## TASK BRIEF
Transcribe the stretch of entries below from the line with "(* For each" through the line with "E p \<longleftrightarrow>", exactly and with both ends included; leave out all other lines.

--- DATASET RECORDS ---

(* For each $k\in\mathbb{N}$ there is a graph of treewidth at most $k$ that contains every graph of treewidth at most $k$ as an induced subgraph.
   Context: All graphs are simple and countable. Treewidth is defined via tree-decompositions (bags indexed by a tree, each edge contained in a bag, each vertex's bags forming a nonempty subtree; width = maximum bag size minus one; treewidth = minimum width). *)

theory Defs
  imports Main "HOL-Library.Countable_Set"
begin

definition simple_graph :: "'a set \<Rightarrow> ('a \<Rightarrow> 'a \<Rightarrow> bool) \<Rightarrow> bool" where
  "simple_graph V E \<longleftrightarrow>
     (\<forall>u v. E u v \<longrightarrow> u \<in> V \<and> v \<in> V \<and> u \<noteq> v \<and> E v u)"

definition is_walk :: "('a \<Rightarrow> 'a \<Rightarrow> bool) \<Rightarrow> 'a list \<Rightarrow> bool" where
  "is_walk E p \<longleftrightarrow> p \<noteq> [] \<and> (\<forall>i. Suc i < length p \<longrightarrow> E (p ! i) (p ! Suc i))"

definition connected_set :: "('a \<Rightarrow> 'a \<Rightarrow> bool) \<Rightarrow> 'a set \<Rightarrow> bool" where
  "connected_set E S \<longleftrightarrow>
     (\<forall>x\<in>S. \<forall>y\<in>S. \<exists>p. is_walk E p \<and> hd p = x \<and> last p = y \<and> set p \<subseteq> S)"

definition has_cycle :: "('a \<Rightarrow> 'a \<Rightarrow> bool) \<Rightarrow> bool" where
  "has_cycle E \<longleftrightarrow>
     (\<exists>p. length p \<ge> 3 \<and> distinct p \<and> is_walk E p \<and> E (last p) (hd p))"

---
--- DATASET RECORDS ---

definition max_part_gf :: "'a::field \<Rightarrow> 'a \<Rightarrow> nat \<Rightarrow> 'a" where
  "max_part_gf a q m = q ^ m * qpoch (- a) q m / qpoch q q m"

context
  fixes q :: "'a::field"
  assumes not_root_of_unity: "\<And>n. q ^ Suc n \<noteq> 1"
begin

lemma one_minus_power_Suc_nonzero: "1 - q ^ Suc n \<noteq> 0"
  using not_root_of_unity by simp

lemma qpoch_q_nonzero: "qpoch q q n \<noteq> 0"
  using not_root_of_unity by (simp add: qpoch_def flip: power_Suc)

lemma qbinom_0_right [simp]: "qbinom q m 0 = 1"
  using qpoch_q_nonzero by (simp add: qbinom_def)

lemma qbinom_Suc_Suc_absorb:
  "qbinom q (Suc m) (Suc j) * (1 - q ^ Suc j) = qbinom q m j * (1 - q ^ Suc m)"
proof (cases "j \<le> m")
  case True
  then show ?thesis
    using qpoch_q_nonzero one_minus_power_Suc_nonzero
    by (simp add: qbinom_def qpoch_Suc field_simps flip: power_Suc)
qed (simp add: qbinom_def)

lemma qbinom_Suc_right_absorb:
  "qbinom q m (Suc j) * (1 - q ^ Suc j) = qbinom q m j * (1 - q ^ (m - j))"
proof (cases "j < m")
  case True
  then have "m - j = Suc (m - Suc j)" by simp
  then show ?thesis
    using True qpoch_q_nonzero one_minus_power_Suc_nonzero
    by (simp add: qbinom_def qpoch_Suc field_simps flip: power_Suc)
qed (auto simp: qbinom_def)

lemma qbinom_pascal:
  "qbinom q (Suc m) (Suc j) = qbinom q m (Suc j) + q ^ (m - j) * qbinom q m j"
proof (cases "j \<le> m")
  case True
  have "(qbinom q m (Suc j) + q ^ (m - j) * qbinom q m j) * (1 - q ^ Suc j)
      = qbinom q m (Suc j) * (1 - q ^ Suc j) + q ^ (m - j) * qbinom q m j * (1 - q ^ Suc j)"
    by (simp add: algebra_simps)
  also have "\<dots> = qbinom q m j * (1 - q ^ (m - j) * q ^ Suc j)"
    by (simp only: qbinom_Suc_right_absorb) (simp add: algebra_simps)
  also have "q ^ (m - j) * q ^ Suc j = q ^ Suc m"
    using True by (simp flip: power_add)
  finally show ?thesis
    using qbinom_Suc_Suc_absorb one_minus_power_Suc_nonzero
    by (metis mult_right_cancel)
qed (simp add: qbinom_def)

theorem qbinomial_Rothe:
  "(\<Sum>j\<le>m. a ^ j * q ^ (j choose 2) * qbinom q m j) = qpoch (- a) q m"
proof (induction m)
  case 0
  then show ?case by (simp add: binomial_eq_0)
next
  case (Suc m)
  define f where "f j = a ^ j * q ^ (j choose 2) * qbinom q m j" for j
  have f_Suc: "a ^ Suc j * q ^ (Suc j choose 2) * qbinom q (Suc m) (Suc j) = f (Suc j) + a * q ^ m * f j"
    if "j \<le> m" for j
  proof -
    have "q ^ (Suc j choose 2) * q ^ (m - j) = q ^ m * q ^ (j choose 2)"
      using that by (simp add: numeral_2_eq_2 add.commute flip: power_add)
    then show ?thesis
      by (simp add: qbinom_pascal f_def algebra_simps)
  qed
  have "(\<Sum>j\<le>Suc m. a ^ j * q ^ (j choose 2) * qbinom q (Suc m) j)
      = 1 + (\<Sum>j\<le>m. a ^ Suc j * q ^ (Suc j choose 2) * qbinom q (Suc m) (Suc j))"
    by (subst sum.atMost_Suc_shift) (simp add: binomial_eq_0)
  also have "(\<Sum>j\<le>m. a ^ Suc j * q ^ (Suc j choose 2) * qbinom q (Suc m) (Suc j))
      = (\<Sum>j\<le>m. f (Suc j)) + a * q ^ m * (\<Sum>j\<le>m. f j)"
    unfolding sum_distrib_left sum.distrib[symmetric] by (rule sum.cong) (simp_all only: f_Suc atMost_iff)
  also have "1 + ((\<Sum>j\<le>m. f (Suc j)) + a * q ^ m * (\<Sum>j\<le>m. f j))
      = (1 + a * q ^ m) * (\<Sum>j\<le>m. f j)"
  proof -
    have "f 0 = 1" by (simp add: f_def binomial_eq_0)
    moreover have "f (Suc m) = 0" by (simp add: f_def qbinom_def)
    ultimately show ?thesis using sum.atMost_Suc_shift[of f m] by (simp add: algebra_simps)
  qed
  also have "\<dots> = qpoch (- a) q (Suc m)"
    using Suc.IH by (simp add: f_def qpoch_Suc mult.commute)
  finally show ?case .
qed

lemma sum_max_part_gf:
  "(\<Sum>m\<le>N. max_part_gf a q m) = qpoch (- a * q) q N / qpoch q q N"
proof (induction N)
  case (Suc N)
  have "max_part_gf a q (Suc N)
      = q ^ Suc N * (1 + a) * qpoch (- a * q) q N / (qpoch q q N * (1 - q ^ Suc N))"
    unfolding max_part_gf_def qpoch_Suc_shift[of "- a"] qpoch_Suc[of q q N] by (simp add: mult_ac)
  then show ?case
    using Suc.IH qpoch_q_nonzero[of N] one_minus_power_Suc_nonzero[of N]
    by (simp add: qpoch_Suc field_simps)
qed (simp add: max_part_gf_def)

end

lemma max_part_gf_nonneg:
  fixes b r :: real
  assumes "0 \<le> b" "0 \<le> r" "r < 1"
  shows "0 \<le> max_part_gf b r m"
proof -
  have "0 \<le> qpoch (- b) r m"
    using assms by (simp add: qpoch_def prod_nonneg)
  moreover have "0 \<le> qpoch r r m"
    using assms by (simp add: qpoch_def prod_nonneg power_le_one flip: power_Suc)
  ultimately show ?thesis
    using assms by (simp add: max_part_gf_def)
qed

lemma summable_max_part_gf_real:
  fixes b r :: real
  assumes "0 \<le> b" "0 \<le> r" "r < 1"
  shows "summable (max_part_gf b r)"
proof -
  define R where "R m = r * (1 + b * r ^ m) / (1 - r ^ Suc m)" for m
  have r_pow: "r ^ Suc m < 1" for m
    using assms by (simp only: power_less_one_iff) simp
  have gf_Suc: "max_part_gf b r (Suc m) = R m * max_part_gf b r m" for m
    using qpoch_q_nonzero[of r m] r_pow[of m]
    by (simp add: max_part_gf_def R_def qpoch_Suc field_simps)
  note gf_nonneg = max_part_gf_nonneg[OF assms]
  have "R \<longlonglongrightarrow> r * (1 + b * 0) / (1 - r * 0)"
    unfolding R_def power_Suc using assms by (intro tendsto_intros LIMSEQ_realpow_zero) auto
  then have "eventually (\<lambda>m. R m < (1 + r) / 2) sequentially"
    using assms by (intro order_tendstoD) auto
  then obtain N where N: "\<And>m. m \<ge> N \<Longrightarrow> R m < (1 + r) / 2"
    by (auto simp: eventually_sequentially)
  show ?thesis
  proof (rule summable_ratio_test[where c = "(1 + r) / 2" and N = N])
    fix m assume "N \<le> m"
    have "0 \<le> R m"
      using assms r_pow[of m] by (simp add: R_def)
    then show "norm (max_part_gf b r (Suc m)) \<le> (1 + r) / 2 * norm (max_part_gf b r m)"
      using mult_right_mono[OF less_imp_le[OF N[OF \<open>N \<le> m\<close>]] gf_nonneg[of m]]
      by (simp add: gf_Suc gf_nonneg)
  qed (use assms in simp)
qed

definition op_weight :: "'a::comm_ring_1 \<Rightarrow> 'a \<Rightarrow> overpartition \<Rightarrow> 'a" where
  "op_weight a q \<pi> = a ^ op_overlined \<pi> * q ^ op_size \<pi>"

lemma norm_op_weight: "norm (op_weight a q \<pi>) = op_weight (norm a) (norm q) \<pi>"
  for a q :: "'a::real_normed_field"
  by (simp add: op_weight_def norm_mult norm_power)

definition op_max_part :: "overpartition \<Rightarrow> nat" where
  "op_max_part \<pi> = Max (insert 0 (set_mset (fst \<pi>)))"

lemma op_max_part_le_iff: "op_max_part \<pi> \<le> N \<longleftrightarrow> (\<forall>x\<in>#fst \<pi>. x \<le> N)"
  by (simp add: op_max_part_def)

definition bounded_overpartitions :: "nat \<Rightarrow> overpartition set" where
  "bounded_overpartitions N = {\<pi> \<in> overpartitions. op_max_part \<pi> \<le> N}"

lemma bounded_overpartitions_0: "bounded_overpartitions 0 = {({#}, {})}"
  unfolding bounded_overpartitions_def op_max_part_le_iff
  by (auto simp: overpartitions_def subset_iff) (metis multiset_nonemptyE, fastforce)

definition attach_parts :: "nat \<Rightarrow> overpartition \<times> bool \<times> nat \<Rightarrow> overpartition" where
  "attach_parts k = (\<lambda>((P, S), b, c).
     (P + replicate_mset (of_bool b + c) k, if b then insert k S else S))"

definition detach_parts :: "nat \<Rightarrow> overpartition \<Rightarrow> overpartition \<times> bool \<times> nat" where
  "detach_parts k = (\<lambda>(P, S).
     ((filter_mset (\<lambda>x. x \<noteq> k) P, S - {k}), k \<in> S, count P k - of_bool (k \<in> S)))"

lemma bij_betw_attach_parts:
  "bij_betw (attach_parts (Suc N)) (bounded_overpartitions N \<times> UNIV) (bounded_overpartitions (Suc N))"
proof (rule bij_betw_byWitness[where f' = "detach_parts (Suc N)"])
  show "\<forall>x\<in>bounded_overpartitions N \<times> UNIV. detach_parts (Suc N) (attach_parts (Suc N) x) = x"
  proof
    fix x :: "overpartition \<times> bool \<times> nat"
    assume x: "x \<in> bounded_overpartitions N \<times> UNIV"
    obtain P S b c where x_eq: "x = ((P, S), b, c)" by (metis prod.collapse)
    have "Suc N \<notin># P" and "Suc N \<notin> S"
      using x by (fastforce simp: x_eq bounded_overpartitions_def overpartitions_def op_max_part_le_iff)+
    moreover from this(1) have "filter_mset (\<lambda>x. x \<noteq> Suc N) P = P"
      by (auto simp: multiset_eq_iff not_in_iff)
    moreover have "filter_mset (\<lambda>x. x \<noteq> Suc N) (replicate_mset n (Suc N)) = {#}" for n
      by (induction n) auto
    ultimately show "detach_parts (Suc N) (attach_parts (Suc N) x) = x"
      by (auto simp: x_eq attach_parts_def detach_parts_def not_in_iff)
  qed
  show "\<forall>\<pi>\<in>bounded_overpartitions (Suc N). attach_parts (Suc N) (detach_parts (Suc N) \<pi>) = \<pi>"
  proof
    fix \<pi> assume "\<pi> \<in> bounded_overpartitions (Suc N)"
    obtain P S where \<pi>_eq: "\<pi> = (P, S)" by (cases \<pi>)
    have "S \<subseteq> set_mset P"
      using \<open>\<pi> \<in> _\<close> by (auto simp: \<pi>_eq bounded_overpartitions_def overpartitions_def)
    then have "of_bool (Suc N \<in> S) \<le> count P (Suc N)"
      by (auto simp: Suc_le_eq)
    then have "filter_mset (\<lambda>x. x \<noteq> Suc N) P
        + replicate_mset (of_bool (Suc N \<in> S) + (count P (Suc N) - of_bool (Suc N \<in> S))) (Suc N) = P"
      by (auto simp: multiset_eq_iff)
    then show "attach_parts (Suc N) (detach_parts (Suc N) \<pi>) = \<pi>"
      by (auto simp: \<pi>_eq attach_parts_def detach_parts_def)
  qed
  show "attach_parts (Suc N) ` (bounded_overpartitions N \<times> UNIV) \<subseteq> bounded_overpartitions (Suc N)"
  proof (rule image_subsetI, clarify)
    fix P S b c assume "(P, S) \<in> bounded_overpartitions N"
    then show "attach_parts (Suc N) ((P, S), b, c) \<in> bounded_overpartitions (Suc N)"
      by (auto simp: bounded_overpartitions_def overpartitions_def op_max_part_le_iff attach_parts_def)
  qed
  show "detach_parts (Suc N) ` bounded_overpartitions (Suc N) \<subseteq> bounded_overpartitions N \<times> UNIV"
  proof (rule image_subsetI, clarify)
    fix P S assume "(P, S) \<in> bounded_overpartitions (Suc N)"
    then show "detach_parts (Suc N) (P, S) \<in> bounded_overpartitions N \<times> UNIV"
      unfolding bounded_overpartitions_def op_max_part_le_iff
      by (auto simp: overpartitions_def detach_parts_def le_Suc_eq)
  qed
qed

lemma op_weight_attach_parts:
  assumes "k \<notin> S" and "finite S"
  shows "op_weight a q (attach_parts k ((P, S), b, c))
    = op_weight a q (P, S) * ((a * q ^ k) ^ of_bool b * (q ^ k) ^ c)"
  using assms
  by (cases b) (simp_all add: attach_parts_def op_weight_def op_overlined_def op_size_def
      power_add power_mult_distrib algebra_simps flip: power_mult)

---

## TASK SOLUTION
(* For each $k\in\mathbb{N}$ there is a graph of treewidth at most $k$ that contains every graph of treewidth at most $k$ as an induced subgraph.
   Context: All graphs are simple and countable. Treewidth is defined via tree-decompositions (bags indexed by a tree, each edge contained in a bag, each vertex's bags forming a nonempty subtree; width = maximum bag size minus one; treewidth = minimum width). *)

theory Defs
  imports Main "HOL-Library.Countable_Set"
begin

definition simple_graph :: "'a set \<Rightarrow> ('a \<Rightarrow> 'a \<Rightarrow> bool) \<Rightarrow> bool" where
  "simple_graph V E \<longleftrightarrow>
     (\<forall>u v. E u v \<longrightarrow> u \<in> V \<and> v \<in> V \<and> u \<noteq> v \<and> E v u)"

definition is_walk :: "('a \<Rightarrow> 'a \<Rightarrow> bool) \<Rightarrow> 'a list \<Rightarrow> bool" where
  "is_walk E p \<longleftrightarrow> p \<noteq> [] \<and> (\<forall>i. Suc i < length p \<longrightarrow> E (p ! i) (p ! Suc i))"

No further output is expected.